Collected data entries
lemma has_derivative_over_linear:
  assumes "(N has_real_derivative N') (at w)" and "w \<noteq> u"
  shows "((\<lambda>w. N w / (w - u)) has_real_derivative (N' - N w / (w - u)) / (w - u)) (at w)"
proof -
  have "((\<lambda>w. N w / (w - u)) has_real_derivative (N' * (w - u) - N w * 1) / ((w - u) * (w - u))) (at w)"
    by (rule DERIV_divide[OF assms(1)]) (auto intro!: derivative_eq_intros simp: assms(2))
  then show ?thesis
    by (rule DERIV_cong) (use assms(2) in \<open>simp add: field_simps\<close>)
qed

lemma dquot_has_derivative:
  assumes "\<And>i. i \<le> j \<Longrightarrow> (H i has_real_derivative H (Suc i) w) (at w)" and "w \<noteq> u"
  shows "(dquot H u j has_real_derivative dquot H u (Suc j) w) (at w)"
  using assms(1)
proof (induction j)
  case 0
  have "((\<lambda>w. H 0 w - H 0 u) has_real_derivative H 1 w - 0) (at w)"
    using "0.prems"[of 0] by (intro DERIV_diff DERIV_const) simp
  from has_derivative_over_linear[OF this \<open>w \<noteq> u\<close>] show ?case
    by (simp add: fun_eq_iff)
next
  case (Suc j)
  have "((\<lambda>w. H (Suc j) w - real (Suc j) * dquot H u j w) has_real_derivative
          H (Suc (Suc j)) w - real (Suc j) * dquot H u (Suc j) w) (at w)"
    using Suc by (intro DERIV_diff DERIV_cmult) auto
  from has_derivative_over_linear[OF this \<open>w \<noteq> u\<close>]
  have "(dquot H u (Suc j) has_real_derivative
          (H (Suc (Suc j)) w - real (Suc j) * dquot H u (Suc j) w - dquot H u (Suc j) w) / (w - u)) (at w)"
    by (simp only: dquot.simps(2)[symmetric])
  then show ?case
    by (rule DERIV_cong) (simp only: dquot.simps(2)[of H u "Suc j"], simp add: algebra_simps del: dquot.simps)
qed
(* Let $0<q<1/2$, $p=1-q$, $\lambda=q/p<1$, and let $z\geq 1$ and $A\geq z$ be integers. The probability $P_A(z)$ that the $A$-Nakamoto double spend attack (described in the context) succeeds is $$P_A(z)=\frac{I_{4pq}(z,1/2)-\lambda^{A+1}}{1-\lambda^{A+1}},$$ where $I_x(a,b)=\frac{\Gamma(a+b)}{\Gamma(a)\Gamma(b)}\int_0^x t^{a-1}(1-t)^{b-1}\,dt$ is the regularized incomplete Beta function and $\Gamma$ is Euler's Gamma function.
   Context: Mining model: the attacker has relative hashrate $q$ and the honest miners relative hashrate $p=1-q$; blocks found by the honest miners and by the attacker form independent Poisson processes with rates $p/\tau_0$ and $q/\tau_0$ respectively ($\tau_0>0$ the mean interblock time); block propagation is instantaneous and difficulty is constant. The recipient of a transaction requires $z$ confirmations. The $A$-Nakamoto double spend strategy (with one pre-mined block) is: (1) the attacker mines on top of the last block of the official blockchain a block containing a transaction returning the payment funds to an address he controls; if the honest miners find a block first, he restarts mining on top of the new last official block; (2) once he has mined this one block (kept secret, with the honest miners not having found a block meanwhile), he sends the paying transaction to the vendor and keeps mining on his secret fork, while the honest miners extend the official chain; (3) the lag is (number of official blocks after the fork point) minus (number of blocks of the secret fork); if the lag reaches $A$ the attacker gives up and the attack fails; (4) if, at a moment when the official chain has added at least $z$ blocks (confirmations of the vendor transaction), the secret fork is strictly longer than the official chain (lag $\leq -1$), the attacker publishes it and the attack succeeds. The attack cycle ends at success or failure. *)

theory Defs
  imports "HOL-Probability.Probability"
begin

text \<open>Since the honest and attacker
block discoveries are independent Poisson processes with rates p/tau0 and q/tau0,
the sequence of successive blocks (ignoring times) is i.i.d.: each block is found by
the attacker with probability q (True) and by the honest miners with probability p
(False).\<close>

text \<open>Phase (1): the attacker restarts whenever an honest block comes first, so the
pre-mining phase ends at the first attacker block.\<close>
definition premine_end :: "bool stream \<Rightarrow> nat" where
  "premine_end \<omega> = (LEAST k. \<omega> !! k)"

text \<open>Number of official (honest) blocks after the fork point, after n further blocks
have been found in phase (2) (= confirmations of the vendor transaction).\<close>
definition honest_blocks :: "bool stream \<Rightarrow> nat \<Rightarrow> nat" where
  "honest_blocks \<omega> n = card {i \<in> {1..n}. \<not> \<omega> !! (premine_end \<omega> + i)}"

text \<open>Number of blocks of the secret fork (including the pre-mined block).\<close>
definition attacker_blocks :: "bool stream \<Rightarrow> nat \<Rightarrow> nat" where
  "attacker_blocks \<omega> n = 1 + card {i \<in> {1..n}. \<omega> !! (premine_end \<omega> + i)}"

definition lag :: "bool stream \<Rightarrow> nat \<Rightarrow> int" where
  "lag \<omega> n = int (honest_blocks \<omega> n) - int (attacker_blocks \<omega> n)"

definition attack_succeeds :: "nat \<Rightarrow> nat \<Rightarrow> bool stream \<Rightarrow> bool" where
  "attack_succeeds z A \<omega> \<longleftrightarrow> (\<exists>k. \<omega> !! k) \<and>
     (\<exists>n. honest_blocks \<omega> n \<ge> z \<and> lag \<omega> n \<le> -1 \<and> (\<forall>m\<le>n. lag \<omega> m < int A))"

TRY IT.
The entries are to be duplicated exactly, with nothing changed.

EXERCISE OUTPUT.
lemma has_derivative_over_linear:
  assumes "(N has_real_derivative N') (at w)" and "w \<noteq> u"
  shows "((\<lambda>w. N w / (w - u)) has_real_derivative (N' - N w / (w - u)) / (w - u)) (at w)"
proof -
  have "((\<lambda>w. N w / (w - u)) has_real_derivative (N' * (w - u) - N w * 1) / ((w - u) * (w - u))) (at w)"
    by (rule DERIV_divide[OF assms(1)]) (auto intro!: derivative_eq_intros simp: assms(2))
  then show ?thesis
    by (rule DERIV_cong) (use assms(2) in \<open>simp add: field_simps\<close>)
qed

lemma dquot_has_derivative:
  assumes "\<And>i. i \<le> j \<Longrightarrow> (H i has_real_derivative H (Suc i) w) (at w)" and "w \<noteq> u"
  shows "(dquot H u j has_real_derivative dquot H u (Suc j) w) (at w)"
  using assms(1)
proof (induction j)
  case 0
  have "((\<lambda>w. H 0 w - H 0 u) has_real_derivative H 1 w - 0) (at w)"
    using "0.prems"[of 0] by (intro DERIV_diff DERIV_const) simp
  from has_derivative_over_linear[OF this \<open>w \<noteq> u\<close>] show ?case
    by (simp add: fun_eq_iff)
next
  case (Suc j)
  have "((\<lambda>w. H (Suc j) w - real (Suc j) * dquot H u j w) has_real_derivative
          H (Suc (Suc j)) w - real (Suc j) * dquot H u (Suc j) w) (at w)"
    using Suc by (intro DERIV_diff DERIV_cmult) auto
  from has_derivative_over_linear[OF this \<open>w \<noteq> u\<close>]
  have "(dquot H u (Suc j) has_real_derivative
          (H (Suc (Suc j)) w - real (Suc j) * dquot H u (Suc j) w - dquot H u (Suc j) w) / (w - u)) (at w)"
    by (simp only: dquot.simps(2)[symmetric])
  then show ?case
    by (rule DERIV_cong) (simp only: dquot.simps(2)[of H u "Suc j"], simp add: algebra_simps del: dquot.simps)
qed
(* Let $0<q<1/2$, $p=1-q$, $\lambda=q/p<1$, and let $z\geq 1$ and $A\geq z$ be integers. The probability $P_A(z)$ that the $A$-Nakamoto double spend attack (described in the context) succeeds is $$P_A(z)=\frac{I_{4pq}(z,1/2)-\lambda^{A+1}}{1-\lambda^{A+1}},$$ where $I_x(a,b)=\frac{\Gamma(a+b)}{\Gamma(a)\Gamma(b)}\int_0^x t^{a-1}(1-t)^{b-1}\,dt$ is the regularized incomplete Beta function and $\Gamma$ is Euler's Gamma function.
   Context: Mining model: the attacker has relative hashrate $q$ and the honest miners relative hashrate $p=1-q$; blocks found by the honest miners and by the attacker form independent Poisson processes with rates $p/\tau_0$ and $q/\tau_0$ respectively ($\tau_0>0$ the mean interblock time); block propagation is instantaneous and difficulty is constant. The recipient of a transaction requires $z$ confirmations. The $A$-Nakamoto double spend strategy (with one pre-mined block) is: (1) the attacker mines on top of the last block of the official blockchain a block containing a transaction returning the payment funds to an address he controls; if the honest miners find a block first, he restarts mining on top of the new last official block; (2) once he has mined this one block (kept secret, with the honest miners not having found a block meanwhile), he sends the paying transaction to the vendor and keeps mining on his secret fork, while the honest miners extend the official chain; (3) the lag is (number of official blocks after the fork point) minus (number of blocks of the secret fork); if the lag reaches $A$ the attacker gives up and the attack fails; (4) if, at a moment when the official chain has added at least $z$ blocks (confirmations of the vendor transaction), the secret fork is strictly longer than the official chain (lag $\leq -1$), the attacker publishes it and the attack succeeds. The attack cycle ends at success or failure. *)

theory Defs
  imports "HOL-Probability.Probability"
begin

text \<open>Since the honest and attacker
block discoveries are independent Poisson processes with rates p/tau0 and q/tau0,
the sequence of successive blocks (ignoring times) is i.i.d.: each block is found by
the attacker with probability q (True) and by the honest miners with probability p
(False).\<close>

text \<open>Phase (1): the attacker restarts whenever an honest block comes first, so the
pre-mining phase ends at the first attacker block.\<close>
definition premine_end :: "bool stream \<Rightarrow> nat" where
  "premine_end \<omega> = (LEAST k. \<omega> !! k)"

text \<open>Number of official (honest) blocks after the fork point, after n further blocks
have been found in phase (2) (= confirmations of the vendor transaction).\<close>
definition honest_blocks :: "bool stream \<Rightarrow> nat \<Rightarrow> nat" where
  "honest_blocks \<omega> n = card {i \<in> {1..n}. \<not> \<omega> !! (premine_end \<omega> + i)}"

text \<open>Number of blocks of the secret fork (including the pre-mined block).\<close>
definition attacker_blocks :: "bool stream \<Rightarrow> nat \<Rightarrow> nat" where
  "attacker_blocks \<omega> n = 1 + card {i \<in> {1..n}. \<omega> !! (premine_end \<omega> + i)}"

definition lag :: "bool stream \<Rightarrow> nat \<Rightarrow> int" where
  "lag \<omega> n = int (honest_blocks \<omega> n) - int (attacker_blocks \<omega> n)"

definition attack_succeeds :: "nat \<Rightarrow> nat \<Rightarrow> bool stream \<Rightarrow> bool" where
  "attack_succeeds z A \<omega> \<longleftrightarrow> (\<exists>k. \<omega> !! k) \<and>
     (\<exists>n. honest_blocks \<omega> n \<ge> z \<and> lag \<omega> n \<le> -1 \<and> (\<forall>m\<le>n. lag \<omega> m < int A))"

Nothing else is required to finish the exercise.